| Task goal |
Only the lines from the start of the entries through the line with "Let \<open>k = \<lfloor>\<beta>\<rfloor>" are wanted; please output them exactly.

| Exercise data |
- - -
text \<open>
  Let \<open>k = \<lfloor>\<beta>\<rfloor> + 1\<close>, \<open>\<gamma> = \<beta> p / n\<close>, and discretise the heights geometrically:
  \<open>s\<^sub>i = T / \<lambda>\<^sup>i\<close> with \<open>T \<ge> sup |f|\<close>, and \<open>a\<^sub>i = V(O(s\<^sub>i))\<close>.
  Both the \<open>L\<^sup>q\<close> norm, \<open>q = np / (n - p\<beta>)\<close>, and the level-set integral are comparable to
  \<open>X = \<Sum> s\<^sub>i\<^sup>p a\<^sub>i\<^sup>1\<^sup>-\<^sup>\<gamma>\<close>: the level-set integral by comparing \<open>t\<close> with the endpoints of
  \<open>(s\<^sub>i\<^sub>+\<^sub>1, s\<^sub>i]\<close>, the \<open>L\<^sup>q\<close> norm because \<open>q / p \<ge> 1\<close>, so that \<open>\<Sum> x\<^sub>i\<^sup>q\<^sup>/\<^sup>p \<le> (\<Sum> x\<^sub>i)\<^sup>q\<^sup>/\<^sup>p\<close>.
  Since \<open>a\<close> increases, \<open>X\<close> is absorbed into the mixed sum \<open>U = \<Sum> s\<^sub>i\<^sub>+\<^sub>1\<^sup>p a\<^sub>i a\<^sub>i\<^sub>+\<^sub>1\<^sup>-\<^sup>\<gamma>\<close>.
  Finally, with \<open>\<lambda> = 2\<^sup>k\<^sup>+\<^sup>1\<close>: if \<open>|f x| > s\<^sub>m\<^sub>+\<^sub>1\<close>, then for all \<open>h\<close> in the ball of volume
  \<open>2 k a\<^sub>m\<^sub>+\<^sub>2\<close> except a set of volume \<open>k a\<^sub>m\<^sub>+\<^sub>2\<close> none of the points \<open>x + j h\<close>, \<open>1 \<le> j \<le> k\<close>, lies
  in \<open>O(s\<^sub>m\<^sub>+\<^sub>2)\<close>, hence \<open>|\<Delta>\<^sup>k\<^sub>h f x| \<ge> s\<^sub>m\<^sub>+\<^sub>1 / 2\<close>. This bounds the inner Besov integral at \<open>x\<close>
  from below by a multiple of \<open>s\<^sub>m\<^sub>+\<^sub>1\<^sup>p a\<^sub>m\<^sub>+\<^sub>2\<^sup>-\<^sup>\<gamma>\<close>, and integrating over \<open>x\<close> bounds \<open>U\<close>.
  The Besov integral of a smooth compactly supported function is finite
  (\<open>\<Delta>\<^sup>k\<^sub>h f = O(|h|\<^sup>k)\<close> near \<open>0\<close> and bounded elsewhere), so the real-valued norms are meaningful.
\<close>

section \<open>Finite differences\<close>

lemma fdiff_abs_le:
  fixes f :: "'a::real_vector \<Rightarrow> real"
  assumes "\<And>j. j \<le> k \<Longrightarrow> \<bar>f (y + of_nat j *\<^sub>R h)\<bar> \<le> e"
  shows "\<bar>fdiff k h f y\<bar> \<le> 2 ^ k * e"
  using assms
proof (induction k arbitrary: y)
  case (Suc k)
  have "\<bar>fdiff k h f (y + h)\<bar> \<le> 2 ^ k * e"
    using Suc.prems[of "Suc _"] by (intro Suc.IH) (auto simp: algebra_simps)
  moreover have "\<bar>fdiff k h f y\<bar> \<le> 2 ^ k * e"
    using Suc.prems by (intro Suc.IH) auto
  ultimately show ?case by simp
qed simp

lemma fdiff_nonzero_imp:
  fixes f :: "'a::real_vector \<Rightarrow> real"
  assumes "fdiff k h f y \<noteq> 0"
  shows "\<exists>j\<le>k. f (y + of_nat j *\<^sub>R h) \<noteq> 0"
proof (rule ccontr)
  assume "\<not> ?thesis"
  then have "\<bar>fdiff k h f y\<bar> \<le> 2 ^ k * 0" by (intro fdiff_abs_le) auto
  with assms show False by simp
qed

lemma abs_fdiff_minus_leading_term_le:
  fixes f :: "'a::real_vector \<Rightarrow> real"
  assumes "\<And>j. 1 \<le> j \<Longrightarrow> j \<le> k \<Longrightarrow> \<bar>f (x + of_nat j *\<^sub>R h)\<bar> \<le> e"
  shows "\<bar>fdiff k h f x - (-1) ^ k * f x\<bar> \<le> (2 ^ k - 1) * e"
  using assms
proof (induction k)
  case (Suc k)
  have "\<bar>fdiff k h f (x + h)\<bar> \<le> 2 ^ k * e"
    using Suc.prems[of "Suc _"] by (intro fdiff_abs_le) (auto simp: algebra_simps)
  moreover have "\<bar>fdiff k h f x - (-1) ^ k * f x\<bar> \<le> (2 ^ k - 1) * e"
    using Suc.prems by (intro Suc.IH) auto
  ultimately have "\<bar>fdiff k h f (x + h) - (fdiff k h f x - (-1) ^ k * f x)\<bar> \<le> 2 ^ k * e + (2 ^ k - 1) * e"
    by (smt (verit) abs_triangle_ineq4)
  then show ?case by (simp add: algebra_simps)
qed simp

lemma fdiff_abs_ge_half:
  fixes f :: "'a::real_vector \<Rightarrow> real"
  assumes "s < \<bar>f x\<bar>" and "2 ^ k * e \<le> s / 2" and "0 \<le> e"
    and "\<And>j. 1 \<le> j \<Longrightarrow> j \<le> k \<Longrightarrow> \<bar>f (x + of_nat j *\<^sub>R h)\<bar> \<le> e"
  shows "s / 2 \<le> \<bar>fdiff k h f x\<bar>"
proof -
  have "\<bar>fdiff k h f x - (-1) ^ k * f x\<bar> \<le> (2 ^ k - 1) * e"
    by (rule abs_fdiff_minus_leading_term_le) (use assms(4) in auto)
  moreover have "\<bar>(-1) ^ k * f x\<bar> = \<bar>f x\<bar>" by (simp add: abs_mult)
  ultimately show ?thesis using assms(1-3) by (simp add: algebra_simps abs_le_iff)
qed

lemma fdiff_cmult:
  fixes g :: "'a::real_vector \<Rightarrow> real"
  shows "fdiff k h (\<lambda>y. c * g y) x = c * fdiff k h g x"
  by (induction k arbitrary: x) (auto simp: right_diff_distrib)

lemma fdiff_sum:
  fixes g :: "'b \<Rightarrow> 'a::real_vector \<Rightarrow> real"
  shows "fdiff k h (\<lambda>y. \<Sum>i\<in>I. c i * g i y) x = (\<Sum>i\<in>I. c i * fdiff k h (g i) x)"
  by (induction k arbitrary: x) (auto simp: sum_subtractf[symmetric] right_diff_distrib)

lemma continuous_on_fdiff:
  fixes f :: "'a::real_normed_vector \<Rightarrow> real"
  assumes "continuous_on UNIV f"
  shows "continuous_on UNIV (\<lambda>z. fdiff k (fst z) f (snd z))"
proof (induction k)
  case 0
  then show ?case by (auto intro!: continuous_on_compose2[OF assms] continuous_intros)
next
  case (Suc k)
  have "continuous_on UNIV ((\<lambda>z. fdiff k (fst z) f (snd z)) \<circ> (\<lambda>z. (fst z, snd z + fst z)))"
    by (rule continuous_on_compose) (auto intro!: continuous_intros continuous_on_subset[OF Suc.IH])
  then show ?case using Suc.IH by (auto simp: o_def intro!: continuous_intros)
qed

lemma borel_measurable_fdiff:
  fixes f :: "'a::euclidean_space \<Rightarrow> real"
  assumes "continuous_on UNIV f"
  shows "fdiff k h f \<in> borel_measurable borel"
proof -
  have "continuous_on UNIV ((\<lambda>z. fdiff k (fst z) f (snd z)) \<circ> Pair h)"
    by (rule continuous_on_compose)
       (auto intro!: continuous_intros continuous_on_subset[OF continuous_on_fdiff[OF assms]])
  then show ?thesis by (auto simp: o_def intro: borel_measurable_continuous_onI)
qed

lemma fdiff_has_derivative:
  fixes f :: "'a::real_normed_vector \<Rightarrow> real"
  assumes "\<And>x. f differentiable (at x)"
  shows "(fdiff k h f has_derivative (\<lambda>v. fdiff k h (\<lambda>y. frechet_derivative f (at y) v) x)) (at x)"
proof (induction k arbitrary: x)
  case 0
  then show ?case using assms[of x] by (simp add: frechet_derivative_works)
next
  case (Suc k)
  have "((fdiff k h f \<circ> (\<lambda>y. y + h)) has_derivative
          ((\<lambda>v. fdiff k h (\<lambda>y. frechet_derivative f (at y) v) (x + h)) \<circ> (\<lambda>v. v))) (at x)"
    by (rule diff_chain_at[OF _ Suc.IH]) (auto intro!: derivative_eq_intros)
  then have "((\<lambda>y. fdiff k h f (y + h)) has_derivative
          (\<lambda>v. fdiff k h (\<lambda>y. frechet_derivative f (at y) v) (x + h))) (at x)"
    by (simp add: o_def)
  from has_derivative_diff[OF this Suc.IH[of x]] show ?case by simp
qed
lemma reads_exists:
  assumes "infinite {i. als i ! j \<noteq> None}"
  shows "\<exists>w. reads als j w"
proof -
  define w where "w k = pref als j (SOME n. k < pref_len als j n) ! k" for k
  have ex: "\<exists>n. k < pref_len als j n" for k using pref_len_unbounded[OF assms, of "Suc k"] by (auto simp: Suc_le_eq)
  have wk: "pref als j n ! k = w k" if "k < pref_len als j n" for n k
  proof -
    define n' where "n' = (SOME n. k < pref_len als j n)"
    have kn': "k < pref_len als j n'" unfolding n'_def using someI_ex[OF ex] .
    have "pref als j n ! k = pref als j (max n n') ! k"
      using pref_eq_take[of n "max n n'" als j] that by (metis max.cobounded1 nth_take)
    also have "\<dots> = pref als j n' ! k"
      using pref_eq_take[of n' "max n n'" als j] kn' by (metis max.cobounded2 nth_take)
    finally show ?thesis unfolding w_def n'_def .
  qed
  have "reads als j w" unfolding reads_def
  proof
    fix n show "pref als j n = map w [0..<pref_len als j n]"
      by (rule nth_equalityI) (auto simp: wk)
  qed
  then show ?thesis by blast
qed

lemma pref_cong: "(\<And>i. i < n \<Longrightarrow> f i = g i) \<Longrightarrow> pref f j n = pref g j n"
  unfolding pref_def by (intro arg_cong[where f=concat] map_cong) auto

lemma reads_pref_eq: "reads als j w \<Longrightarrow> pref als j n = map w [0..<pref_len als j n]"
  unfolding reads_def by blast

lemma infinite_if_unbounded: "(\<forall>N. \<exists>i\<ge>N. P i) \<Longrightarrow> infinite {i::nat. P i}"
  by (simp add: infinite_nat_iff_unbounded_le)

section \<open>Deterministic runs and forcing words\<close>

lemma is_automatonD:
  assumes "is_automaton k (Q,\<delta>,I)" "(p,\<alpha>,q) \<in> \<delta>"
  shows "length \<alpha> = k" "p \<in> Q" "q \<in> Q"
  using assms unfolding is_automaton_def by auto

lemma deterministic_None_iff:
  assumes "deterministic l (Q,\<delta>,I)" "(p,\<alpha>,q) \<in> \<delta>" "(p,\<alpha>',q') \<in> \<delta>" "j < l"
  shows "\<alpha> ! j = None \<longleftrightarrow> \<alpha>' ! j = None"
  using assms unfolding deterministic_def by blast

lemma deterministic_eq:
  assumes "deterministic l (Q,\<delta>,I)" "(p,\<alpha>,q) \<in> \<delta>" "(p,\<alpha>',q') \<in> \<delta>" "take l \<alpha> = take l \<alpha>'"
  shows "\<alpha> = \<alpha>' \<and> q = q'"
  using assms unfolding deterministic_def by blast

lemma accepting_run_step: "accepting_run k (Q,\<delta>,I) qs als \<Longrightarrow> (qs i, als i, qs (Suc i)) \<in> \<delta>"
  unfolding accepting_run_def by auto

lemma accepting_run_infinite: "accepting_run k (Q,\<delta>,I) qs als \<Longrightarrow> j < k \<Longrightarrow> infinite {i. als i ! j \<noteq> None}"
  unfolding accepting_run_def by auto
- - -
| The answer |
text \<open>
  Let \<open>k = \<lfloor>\<beta>\<rfloor> + 1\<close>, \<open>\<gamma> = \<beta> p / n\<close>, and discretise the heights geometrically:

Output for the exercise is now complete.